(Beginning of MATERIAL SHOWN)

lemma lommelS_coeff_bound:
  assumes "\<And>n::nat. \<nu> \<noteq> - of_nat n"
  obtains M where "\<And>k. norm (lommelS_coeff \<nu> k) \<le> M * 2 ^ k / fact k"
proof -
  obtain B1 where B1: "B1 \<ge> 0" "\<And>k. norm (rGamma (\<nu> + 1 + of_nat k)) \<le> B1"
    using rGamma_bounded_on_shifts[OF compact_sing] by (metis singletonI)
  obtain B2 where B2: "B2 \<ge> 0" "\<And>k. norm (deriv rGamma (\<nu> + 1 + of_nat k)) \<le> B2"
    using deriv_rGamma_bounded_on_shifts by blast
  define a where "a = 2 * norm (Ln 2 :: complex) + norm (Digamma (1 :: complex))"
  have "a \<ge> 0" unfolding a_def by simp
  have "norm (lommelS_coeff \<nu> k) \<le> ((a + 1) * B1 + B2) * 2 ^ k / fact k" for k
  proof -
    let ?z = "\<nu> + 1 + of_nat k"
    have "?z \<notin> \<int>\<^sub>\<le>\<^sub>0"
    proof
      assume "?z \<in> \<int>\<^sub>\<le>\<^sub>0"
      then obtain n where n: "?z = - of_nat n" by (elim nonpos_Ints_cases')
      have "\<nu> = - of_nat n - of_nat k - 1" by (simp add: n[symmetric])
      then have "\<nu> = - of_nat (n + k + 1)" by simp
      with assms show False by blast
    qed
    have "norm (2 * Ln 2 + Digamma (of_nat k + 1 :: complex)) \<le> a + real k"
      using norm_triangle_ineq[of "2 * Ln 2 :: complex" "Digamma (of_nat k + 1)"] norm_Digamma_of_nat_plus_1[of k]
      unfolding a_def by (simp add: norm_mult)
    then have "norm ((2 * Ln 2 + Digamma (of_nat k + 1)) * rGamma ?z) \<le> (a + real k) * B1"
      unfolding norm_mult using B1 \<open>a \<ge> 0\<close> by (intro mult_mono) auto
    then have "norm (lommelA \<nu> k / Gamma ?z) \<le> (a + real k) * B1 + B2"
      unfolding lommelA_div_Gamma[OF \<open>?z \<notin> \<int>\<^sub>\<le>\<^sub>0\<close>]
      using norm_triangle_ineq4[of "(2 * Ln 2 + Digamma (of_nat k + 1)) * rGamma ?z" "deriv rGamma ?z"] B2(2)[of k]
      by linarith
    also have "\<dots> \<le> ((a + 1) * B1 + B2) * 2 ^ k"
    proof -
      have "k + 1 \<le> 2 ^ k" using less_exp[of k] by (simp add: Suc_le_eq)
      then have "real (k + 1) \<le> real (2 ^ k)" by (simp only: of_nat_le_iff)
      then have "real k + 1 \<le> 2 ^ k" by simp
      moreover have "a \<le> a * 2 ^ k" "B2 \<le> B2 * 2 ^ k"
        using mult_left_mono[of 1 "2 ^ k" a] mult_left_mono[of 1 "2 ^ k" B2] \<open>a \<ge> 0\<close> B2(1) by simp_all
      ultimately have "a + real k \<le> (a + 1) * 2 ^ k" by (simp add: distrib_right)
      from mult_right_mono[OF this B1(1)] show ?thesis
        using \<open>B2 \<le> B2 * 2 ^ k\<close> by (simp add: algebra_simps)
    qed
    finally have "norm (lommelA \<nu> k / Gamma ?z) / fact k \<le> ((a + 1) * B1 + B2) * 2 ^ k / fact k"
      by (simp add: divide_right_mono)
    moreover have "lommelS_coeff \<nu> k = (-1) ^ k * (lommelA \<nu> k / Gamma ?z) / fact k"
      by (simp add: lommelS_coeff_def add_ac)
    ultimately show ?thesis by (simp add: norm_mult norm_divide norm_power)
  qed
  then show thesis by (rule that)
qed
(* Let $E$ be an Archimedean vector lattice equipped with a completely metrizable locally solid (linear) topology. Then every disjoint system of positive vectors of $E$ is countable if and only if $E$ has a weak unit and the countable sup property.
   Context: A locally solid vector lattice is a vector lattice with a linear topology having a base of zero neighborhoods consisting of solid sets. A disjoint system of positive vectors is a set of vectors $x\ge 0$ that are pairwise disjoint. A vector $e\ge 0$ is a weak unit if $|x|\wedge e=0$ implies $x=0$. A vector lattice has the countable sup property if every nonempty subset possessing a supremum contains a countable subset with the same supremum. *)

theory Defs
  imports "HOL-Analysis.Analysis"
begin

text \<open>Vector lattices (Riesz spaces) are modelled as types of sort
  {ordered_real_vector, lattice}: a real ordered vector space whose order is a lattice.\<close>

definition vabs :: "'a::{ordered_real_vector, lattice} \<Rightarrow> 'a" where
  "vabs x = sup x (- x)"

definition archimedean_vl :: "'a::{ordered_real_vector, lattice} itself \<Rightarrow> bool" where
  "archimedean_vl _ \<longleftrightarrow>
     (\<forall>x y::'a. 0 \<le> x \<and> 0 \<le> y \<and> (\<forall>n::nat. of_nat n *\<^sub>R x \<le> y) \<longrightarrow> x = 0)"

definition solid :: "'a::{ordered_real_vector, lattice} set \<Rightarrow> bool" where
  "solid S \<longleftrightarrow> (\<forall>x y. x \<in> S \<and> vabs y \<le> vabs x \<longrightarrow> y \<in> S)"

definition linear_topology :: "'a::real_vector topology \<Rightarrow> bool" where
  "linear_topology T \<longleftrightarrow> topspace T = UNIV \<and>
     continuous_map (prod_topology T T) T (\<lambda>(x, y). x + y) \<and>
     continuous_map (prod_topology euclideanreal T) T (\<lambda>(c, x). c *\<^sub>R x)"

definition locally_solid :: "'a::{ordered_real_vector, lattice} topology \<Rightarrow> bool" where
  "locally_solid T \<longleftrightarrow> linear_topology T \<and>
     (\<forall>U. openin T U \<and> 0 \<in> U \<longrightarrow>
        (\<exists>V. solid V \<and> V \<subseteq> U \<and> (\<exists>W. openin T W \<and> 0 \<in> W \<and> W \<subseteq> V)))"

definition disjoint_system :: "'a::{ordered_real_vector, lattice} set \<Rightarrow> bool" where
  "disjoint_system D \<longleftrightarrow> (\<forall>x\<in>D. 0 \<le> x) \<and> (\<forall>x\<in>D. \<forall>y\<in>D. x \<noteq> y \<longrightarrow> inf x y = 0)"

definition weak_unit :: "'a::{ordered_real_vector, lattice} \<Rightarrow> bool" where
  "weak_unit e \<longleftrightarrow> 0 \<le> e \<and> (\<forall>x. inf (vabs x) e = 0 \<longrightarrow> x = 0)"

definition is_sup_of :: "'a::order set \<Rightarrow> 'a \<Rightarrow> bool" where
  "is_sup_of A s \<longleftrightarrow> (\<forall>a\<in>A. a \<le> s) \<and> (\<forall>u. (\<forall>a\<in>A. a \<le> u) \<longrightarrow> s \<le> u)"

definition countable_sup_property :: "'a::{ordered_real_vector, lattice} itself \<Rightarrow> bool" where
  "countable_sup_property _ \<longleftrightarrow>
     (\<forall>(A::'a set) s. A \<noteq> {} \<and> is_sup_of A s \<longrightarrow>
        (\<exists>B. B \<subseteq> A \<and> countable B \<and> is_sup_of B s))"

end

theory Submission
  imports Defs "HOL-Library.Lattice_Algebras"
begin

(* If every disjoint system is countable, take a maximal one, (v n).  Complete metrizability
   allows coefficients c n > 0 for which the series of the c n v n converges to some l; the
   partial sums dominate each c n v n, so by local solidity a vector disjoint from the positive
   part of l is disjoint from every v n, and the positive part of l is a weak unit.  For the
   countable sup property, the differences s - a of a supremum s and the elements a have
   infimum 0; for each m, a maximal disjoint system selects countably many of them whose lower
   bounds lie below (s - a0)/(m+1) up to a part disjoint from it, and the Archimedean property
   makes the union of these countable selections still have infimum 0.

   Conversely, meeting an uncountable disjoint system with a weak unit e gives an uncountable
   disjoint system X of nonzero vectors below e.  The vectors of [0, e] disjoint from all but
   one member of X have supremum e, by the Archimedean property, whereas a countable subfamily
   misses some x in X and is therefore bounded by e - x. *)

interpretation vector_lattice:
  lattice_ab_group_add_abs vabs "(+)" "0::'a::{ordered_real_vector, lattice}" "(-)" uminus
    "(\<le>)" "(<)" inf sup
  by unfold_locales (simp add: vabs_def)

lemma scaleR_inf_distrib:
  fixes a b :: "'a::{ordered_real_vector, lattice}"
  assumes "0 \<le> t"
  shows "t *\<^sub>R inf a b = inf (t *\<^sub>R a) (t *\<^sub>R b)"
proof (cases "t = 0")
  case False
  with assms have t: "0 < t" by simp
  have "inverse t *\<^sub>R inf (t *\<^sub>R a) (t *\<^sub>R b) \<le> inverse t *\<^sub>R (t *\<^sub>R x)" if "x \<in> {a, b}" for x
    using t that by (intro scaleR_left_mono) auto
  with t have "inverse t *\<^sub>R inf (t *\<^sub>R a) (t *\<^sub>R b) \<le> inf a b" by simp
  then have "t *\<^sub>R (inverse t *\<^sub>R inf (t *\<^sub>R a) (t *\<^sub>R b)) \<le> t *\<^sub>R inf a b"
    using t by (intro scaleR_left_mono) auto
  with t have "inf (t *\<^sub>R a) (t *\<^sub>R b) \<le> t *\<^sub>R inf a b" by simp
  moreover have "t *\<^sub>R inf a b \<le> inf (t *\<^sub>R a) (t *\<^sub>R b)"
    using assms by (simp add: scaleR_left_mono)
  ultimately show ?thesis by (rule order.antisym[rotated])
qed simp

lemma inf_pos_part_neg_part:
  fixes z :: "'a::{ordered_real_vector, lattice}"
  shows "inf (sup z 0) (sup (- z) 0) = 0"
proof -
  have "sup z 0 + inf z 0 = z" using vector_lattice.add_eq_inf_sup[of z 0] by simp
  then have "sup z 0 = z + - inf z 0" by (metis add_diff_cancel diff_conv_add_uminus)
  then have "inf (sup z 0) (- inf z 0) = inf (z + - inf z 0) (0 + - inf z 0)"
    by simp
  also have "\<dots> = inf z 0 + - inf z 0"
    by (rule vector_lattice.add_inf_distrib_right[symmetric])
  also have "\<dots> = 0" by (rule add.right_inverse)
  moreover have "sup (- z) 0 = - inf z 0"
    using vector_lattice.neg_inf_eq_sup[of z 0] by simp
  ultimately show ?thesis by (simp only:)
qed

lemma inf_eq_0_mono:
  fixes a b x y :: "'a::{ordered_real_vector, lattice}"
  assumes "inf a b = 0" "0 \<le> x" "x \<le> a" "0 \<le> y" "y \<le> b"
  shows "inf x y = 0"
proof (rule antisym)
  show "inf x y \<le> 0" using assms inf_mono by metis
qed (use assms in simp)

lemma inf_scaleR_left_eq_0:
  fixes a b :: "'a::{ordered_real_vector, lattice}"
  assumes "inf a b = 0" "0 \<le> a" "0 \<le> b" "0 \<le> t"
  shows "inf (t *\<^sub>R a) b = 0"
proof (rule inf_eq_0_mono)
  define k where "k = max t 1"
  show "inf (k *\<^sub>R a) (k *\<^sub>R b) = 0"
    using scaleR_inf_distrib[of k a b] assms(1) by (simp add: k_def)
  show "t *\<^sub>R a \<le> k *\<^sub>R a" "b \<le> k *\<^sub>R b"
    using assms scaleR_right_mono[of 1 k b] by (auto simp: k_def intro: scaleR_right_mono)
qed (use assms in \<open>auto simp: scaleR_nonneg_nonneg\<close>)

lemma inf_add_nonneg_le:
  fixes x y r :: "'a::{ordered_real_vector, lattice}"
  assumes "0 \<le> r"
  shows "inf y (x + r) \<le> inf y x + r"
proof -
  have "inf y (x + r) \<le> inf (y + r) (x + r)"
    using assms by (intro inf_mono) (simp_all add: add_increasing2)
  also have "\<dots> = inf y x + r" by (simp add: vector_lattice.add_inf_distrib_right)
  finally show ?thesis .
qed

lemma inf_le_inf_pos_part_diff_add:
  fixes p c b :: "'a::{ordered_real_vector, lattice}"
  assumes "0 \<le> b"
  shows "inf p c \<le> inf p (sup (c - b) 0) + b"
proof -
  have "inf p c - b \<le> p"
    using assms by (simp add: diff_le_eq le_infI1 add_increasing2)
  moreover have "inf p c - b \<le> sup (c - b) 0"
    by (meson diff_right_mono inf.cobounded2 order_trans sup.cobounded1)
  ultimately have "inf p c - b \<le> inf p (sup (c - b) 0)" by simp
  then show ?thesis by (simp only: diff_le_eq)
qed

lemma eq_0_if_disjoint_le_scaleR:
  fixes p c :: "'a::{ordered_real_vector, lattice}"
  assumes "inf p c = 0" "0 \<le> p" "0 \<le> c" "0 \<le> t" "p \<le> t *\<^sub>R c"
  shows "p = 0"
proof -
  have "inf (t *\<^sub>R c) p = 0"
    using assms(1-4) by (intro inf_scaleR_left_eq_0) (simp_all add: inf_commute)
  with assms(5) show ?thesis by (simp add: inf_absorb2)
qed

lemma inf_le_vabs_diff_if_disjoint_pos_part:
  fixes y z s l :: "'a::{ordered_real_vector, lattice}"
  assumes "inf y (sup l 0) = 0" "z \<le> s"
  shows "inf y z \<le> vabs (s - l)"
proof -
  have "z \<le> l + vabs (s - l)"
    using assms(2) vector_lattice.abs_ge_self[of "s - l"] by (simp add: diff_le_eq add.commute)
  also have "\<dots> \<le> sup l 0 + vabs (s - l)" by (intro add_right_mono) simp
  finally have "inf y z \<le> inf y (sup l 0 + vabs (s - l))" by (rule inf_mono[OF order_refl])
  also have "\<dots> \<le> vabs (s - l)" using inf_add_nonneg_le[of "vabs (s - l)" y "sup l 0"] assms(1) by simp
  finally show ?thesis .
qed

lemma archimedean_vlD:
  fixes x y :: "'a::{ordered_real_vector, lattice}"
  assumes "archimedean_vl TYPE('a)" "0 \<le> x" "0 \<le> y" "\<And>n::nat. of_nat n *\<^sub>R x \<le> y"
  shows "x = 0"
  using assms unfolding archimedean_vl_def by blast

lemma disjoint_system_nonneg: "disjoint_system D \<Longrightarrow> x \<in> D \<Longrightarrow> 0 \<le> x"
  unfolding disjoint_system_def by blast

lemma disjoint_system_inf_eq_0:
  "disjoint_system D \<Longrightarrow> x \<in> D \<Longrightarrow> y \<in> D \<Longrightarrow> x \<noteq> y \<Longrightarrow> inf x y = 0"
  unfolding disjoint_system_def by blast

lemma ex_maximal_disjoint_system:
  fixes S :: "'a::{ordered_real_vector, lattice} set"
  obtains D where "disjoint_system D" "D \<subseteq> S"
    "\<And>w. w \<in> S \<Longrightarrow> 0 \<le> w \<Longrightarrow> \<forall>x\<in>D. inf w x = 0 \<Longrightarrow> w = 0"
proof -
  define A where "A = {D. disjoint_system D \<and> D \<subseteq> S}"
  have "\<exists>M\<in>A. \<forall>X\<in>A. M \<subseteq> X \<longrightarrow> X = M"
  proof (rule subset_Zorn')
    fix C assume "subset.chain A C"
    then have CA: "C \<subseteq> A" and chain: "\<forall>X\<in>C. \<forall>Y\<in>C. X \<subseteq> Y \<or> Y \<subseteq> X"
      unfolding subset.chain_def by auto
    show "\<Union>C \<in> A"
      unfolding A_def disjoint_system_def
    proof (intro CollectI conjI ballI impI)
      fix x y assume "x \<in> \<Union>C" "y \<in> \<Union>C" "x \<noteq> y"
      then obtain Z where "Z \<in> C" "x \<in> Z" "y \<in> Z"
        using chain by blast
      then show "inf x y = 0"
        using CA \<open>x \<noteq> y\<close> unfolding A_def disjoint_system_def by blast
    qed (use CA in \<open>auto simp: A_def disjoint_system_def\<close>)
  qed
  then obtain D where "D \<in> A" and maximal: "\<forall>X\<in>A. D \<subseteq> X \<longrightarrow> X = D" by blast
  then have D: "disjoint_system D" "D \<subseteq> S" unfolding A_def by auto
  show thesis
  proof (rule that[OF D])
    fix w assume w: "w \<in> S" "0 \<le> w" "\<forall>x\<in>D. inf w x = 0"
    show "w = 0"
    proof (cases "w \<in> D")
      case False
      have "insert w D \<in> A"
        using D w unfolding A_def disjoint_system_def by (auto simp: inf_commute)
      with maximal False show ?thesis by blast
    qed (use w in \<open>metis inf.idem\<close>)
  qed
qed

(End of MATERIAL SHOWN)

PROBLEM = Among the records above, only the lines between the line holding "makes the union" and the line holding "one member of", inclusive, are to be output, exactly as written.

ANSWER TO THIS EXERCISE =
   makes the union of these countable selections still have infimum 0.

   Conversely, meeting an uncountable disjoint system with a weak unit e gives an uncountable
   disjoint system X of nonzero vectors below e.  The vectors of [0, e] disjoint from all but
   one member of X have supremum e, by the Archimedean property, whereas a countable subfamily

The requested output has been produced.